▸ **Activity**
Find the line containing "using cSUP_upper[OF assms(2,1)]" in the records below. Copy exactly that line and each one after it, ending at the line containing "w2 K) \<le>", and nothing more.

____________

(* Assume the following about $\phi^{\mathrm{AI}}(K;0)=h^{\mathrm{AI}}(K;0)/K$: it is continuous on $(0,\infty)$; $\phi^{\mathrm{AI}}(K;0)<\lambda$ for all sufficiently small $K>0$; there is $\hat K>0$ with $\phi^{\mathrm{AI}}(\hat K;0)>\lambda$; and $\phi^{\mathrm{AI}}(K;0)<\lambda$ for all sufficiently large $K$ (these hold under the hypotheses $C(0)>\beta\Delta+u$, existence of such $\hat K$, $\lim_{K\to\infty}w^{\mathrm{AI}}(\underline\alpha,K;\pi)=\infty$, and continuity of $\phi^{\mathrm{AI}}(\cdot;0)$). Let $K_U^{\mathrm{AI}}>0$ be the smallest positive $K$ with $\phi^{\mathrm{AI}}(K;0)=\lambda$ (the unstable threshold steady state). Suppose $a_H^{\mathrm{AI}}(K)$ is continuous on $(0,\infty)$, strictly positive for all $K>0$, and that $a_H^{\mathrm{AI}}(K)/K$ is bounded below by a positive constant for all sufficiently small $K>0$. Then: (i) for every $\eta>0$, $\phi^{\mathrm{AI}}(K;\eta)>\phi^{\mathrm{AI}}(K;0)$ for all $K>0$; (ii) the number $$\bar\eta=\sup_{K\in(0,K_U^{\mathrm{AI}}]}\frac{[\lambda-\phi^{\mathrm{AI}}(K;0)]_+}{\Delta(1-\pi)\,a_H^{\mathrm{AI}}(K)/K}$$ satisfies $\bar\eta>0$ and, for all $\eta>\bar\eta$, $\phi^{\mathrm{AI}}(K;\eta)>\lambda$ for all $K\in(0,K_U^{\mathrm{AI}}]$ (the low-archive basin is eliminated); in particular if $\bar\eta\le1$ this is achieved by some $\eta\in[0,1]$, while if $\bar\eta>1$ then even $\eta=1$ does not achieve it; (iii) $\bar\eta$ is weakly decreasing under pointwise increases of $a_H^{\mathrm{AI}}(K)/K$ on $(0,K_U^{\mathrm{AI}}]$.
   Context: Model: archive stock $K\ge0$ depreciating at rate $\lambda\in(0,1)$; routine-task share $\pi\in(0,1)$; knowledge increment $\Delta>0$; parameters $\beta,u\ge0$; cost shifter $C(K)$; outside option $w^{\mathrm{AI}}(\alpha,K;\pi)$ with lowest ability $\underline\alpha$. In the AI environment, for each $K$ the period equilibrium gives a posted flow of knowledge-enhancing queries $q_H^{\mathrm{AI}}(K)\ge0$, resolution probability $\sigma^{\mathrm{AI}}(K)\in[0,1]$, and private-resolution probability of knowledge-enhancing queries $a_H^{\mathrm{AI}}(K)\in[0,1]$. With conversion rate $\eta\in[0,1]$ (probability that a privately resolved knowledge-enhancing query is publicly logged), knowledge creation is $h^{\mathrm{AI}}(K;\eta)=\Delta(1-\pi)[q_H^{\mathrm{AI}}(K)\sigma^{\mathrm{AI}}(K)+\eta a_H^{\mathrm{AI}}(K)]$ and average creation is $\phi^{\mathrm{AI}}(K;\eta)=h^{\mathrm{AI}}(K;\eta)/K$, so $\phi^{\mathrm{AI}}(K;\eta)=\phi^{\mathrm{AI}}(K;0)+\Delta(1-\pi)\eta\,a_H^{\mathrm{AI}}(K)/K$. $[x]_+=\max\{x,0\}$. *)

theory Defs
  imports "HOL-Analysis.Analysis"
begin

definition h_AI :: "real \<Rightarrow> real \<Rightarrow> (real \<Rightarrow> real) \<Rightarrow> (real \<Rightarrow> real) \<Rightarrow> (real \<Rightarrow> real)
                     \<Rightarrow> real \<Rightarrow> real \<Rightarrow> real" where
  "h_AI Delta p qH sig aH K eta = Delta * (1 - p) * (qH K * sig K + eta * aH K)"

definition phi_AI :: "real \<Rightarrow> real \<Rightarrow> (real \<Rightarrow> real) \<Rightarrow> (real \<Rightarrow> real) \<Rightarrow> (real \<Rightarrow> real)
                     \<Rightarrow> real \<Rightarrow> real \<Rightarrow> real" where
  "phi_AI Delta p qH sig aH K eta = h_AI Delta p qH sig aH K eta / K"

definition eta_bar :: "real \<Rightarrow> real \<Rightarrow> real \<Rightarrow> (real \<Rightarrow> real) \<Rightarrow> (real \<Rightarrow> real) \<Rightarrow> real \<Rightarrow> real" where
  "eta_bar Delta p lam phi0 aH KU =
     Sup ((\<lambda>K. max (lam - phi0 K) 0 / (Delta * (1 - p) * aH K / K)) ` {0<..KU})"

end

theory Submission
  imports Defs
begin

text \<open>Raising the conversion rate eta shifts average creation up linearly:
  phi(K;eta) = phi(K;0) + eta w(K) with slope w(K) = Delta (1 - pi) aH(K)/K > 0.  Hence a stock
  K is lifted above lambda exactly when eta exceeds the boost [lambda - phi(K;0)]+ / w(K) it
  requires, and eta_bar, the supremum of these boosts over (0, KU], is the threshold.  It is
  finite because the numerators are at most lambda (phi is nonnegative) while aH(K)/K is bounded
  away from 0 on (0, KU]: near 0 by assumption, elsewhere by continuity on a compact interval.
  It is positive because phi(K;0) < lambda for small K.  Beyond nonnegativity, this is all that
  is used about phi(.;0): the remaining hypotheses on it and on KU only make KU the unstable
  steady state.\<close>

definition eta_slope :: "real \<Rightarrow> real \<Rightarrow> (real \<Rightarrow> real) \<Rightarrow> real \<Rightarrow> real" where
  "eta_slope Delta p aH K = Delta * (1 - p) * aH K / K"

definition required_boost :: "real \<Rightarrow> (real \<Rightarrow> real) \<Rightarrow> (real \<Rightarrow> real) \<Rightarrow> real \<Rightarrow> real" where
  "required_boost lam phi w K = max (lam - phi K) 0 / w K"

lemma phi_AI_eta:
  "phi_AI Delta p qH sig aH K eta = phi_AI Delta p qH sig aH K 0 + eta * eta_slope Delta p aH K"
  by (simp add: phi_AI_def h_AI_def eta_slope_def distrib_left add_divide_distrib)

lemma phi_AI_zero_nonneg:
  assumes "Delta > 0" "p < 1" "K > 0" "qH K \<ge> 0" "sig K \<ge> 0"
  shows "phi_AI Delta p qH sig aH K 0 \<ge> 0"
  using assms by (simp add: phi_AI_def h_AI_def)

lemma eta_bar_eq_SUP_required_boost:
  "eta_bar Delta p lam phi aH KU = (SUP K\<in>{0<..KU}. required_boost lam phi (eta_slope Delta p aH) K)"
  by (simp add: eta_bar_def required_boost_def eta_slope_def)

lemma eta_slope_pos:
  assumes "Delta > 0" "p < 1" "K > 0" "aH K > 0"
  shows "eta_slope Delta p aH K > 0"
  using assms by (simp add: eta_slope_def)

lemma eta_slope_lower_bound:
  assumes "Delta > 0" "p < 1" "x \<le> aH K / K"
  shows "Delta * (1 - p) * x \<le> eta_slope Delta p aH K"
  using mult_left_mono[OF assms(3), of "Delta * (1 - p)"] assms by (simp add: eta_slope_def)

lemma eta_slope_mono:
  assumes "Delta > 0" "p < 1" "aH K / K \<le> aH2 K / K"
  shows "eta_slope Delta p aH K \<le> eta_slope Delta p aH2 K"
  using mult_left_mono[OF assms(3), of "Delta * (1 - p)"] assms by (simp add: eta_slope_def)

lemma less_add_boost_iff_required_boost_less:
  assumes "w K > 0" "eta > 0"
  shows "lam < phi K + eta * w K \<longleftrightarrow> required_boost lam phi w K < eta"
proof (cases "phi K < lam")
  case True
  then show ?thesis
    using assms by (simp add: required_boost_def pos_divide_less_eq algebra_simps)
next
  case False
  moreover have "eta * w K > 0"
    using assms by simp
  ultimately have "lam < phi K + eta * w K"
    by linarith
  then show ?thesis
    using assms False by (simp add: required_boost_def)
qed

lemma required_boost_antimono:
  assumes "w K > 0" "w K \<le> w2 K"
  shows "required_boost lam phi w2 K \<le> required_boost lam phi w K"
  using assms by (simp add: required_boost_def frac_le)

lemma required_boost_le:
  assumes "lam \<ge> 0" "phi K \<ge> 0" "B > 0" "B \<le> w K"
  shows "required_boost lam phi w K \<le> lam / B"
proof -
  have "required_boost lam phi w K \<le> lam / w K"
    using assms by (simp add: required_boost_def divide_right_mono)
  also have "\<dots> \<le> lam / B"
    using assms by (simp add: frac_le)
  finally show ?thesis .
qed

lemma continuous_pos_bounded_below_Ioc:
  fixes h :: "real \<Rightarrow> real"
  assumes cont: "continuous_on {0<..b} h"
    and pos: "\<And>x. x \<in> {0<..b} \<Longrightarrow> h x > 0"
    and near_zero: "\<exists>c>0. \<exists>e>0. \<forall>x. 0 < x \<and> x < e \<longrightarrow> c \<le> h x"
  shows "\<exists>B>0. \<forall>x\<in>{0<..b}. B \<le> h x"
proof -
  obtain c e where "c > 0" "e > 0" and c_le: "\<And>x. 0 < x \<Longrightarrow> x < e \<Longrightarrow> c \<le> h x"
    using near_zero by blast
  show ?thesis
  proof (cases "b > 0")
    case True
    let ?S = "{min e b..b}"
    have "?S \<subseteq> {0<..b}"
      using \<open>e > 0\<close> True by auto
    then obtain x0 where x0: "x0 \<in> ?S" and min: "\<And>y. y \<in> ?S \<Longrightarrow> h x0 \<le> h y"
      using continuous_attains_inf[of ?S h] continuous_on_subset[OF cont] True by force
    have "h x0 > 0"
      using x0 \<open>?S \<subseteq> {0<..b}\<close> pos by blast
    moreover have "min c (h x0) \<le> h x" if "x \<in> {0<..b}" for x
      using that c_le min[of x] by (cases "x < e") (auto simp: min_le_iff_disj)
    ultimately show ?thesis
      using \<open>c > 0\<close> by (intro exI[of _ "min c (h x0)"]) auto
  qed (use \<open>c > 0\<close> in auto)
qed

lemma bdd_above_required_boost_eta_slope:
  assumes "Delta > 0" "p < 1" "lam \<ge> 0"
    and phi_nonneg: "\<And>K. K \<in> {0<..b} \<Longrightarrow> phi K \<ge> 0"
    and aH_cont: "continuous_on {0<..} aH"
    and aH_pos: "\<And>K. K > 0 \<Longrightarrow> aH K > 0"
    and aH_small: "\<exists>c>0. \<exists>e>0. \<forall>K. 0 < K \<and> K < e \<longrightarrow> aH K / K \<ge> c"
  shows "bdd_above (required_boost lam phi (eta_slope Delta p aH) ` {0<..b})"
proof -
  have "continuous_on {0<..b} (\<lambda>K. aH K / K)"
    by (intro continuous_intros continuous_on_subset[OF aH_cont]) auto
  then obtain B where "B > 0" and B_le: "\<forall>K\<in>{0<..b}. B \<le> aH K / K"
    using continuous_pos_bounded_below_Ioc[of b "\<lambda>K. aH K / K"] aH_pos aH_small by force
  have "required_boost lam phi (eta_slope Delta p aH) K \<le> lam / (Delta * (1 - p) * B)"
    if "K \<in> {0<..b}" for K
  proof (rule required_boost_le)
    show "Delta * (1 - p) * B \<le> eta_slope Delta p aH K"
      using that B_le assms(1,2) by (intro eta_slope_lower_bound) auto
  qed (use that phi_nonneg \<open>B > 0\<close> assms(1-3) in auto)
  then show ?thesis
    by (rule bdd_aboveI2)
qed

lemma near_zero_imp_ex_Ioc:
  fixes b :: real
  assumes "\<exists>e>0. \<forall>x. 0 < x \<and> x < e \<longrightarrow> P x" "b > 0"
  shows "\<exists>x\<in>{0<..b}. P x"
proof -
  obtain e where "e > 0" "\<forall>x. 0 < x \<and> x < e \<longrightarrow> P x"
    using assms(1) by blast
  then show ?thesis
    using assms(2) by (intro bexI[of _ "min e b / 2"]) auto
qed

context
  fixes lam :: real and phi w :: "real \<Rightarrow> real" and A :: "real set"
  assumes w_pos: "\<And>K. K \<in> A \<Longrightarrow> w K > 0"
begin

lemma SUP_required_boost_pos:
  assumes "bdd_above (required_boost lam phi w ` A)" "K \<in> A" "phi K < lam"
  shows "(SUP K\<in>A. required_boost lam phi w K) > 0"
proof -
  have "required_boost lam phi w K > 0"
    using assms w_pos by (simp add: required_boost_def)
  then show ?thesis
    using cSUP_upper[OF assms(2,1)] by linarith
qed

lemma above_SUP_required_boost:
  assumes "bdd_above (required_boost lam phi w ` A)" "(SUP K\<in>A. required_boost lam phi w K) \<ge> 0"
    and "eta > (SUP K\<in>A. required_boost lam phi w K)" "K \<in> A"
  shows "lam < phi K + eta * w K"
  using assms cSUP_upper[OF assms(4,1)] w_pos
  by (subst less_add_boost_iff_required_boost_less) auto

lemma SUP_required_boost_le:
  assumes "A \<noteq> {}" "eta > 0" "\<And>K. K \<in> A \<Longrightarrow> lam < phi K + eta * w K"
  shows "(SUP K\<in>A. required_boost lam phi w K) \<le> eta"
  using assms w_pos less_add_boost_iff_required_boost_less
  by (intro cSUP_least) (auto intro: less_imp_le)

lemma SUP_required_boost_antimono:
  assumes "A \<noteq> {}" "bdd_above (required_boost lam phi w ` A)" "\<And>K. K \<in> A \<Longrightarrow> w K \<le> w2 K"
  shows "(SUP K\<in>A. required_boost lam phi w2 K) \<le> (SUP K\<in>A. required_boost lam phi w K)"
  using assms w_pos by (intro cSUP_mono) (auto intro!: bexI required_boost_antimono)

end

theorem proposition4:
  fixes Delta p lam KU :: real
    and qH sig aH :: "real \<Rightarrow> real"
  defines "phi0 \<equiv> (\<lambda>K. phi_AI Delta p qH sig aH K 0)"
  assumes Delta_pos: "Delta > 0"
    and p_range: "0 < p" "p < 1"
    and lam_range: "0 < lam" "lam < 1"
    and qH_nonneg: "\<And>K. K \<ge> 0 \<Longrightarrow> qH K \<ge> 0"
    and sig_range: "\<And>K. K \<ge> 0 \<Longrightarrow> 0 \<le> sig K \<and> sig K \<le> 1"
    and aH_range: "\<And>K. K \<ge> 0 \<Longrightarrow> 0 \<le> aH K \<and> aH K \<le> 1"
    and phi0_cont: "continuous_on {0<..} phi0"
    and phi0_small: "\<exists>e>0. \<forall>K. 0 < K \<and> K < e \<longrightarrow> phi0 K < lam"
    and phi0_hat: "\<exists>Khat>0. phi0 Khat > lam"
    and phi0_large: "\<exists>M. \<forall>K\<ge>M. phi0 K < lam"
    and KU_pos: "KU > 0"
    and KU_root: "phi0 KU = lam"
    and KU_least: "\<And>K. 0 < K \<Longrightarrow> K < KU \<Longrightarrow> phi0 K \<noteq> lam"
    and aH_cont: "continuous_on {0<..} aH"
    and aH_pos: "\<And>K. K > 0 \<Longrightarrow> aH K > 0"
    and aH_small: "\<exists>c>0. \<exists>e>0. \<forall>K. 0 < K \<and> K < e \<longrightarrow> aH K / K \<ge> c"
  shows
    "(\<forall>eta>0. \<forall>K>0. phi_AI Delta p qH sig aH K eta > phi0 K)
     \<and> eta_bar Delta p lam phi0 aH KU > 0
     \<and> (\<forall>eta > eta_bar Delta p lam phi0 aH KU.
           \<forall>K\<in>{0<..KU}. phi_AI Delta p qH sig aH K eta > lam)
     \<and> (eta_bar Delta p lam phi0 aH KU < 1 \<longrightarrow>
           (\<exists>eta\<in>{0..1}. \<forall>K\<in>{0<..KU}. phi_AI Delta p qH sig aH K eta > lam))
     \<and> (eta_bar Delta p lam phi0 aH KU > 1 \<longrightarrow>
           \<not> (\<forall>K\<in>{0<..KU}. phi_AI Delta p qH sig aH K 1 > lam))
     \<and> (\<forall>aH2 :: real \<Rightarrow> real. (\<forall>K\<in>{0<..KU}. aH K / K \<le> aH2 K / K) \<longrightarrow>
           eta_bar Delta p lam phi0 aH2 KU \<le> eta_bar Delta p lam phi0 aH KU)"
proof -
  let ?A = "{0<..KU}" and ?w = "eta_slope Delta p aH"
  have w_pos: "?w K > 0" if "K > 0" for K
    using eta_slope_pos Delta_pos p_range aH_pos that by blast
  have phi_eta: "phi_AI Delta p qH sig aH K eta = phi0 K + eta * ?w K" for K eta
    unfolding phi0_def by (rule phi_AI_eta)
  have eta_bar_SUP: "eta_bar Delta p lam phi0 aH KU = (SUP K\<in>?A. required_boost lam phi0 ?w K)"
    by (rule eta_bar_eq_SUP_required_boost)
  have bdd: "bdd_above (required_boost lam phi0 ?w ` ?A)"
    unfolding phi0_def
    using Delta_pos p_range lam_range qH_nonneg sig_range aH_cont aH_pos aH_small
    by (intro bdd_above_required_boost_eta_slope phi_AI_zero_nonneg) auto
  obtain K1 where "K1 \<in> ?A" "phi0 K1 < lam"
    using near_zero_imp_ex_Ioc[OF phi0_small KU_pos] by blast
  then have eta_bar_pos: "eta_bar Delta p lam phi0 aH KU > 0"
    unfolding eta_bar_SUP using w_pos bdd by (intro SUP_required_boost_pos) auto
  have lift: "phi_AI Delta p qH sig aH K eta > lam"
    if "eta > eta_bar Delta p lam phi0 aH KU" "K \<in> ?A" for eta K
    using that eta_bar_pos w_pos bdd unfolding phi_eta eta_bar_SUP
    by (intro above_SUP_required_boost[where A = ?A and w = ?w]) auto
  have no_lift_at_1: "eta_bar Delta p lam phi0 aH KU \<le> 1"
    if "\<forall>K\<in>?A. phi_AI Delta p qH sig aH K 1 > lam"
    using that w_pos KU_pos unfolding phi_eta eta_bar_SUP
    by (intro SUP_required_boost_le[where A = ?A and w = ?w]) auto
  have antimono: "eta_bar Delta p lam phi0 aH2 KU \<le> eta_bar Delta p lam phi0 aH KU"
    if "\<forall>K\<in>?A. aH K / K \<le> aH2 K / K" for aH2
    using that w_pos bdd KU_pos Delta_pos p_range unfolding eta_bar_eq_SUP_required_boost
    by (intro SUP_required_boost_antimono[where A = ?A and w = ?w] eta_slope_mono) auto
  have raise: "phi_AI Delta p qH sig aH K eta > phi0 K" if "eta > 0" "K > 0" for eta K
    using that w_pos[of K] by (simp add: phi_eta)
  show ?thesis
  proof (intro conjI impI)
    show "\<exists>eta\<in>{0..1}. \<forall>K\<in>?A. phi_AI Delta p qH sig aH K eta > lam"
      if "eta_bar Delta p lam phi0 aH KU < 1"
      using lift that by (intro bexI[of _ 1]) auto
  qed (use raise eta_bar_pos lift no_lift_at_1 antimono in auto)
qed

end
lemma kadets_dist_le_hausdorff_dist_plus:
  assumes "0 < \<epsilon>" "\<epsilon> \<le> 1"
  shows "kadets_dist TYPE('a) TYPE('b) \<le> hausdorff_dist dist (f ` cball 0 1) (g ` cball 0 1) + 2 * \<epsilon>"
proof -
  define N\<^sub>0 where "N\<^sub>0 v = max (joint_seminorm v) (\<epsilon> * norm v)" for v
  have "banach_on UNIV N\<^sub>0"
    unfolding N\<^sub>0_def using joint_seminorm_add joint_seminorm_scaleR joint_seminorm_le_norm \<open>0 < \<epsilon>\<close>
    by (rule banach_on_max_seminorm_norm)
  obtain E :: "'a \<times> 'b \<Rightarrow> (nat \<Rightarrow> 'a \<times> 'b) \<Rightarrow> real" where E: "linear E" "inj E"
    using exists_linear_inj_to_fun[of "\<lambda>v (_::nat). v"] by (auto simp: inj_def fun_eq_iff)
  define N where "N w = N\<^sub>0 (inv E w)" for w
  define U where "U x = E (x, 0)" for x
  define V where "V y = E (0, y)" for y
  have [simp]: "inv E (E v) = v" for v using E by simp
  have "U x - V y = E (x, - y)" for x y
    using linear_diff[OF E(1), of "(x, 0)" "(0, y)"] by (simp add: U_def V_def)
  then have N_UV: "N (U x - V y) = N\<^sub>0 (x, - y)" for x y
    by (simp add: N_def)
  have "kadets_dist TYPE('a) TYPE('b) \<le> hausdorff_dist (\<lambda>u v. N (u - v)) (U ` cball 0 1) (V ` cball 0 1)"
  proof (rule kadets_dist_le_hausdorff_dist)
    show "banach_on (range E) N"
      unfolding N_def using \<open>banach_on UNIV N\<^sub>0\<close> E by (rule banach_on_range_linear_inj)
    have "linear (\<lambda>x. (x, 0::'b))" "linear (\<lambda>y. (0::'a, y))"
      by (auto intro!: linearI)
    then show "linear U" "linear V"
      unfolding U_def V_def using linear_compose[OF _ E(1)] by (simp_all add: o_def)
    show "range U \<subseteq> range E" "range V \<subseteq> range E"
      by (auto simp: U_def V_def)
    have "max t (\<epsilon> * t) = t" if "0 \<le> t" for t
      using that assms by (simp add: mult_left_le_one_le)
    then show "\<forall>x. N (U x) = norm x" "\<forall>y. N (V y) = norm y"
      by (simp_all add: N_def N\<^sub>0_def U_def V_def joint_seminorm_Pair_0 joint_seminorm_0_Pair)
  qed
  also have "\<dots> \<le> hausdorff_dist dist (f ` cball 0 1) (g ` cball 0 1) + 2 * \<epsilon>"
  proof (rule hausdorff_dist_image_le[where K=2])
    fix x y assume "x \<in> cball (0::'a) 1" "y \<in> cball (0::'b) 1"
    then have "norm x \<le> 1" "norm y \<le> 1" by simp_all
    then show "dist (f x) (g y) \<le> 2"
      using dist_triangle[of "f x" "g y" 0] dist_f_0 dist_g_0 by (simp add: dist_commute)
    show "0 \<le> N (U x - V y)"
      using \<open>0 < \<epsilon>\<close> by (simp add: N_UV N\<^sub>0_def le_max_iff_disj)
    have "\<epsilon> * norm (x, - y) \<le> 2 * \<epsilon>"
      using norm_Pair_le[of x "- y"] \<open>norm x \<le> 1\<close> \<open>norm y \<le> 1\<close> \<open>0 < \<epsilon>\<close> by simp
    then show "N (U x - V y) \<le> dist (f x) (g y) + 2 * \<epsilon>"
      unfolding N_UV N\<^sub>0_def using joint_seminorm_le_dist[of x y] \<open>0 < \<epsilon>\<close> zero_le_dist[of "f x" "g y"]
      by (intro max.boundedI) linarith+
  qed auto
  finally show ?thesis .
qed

____________

▸ **Output for this task**
    using cSUP_upper[OF assms(2,1)] by linarith
qed

lemma above_SUP_required_boost:
  assumes "bdd_above (required_boost lam phi w ` A)" "(SUP K\<in>A. required_boost lam phi w K) \<ge> 0"
    and "eta > (SUP K\<in>A. required_boost lam phi w K)" "K \<in> A"
  shows "lam < phi K + eta * w K"
  using assms cSUP_upper[OF assms(4,1)] w_pos
  by (subst less_add_boost_iff_required_boost_less) auto

lemma SUP_required_boost_le:
  assumes "A \<noteq> {}" "eta > 0" "\<And>K. K \<in> A \<Longrightarrow> lam < phi K + eta * w K"
  shows "(SUP K\<in>A. required_boost lam phi w K) \<le> eta"
  using assms w_pos less_add_boost_iff_required_boost_less
  by (intro cSUP_least) (auto intro: less_imp_le)

lemma SUP_required_boost_antimono:
  assumes "A \<noteq> {}" "bdd_above (required_boost lam phi w ` A)" "\<And>K. K \<in> A \<Longrightarrow> w K \<le> w2 K"
  shows "(SUP K\<in>A. required_boost lam phi w2 K) \<le> (SUP K\<in>A. required_boost lam phi w K)"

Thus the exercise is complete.